C’est donc à contrecœur que nous quittons Ubud, mais la curiosité de découvrir les autres aspects de Bali nous prend au ventre au bout d’un moment, ainsi que la passion de la plongée de mes 3 compagnons de voyage. A défaut de nous diriger vers les îles Guilli (dont le nom me plaisait pourtant beaucoup), une destination de plongée réputée mais aléatoire en cette saison des pluies, nous prenons le cap vers Ahmed, un spot de snorkelling recommandé dans notre guide de voyage… mauvais choix, en cette saison une couche d’eau sale s’est accumulée à la surface de la mer et nous cache les jardins coralliens, 2 mètres plus bas. Tout n’est pas perdu, Phil et Serge en profitent pour faire d’intéressantes plongées de jour et de nuit sur une épave japonaise, tandis que Raf et moi profitons de la piscine de notre guesthouse, la plage de sable noir étant moins tentante…

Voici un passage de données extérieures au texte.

lemma shift_in_SigmaA: "\<omega> \<in> SigmaA N f \<Longrightarrow> shift \<omega> \<in> SigmaA N f"
  unfolding SigmaA_def shift_def by (auto simp: add.assoc dest: spec[of _ "_ + 1"])

lemma PiM_GG:
  assumes "fst z \<in> SigmaA N f"
  shows "PiM N (GG N f z) = FF f (PiM N z)"
proof -
  obtain \<omega> y where z: "z = (\<omega>, y)" by fastforce
  have "adm N f (\<omega> 0) (\<omega> 1)"
    using assms unfolding z SigmaA_def by (auto dest: spec[of _ "0::int"])
  moreover have "i \<in> IP N f \<Longrightarrow> i \<le> N" "i \<in> IR N f \<Longrightarrow> i \<le> N" for i
    by (simp_all add: IP_def IR_def)
  ultimately consider
      (P) "\<omega> 0 \<le> N" "\<omega> 0 \<in> IP N f" "\<omega> 1 \<le> N"
    | (R) "\<omega> 0 \<le> N" "\<omega> 0 \<notin> IP N f" "N < \<omega> 1"
    | (P') "N < \<omega> 0" "\<omega> 0 - N \<in> IP N f" "N < \<omega> 1"
    | (R') "N < \<omega> 0" "\<omega> 0 - N \<notin> IP N f" "\<omega> 1 \<le> N"
    unfolding adm_def using IP_IR_disjoint by blast
  then show ?thesis
    by cases (simp_all add: z GG_def FF_def PiM_def gg_def shift_def piA_def bar_def Rf_def)
qed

Nous prenons ensuite la route vers le sud de Bali et ses plages touristiques, nous basant à Seminyak dans un magnifique petit hôtel pour la dernière nuit de Raf et Serge… Ressort discret à la déco raffinée, et à la piscine bleu foncée dans un joli petit jardin tropical. Nous en profitons pour passer la soirée à Kuta, la station balnéaire voisine. Kuta est tristement célèbre pour les attentas qui y ont eu lieu en 2002, tuant un peu moins de 200 fêtards dans une boîte de nuit et en blessant 300…. Aujourd’hui, si ce n’est un mémorial érigé à la mémoire des victimes et un souvenir traumatisant pour les patrons des bars et boites avoisinantes, la fête y atteint à nouveau son paroxysme dans les boîtes, cafés karaokés (la cacophonie intégrale, je vous assure, rien à voir avec la pratique du karaoké tellement prise au sérieux an Asie), bars dansants où les cocktails se boivent à la gourde d’un litre (un détail pratique pour danser d’une part, et être vite saoul d’autre part). Loin du noir souvenir de 2002, Kuta revit et est aujourd’hui emportée par un raz-de-marée de jeunes australiens en mal d’alcool, de fêtes et de drogue. En effet, malgré la menace de la peine de mort (appliquée, nationalité étrangère ou non), la drogue y est proposée à tous les coins de rue. On se joint à la fête et on termine au Bounty, la célèbre boîte de nuit balinaise, l'ambiance des boîtes déchire, sauf qu'il faut avouer que par moments, on s’y est senti un peu vieux, trentenaires ou presque parmi les moins de 20 ans :-))))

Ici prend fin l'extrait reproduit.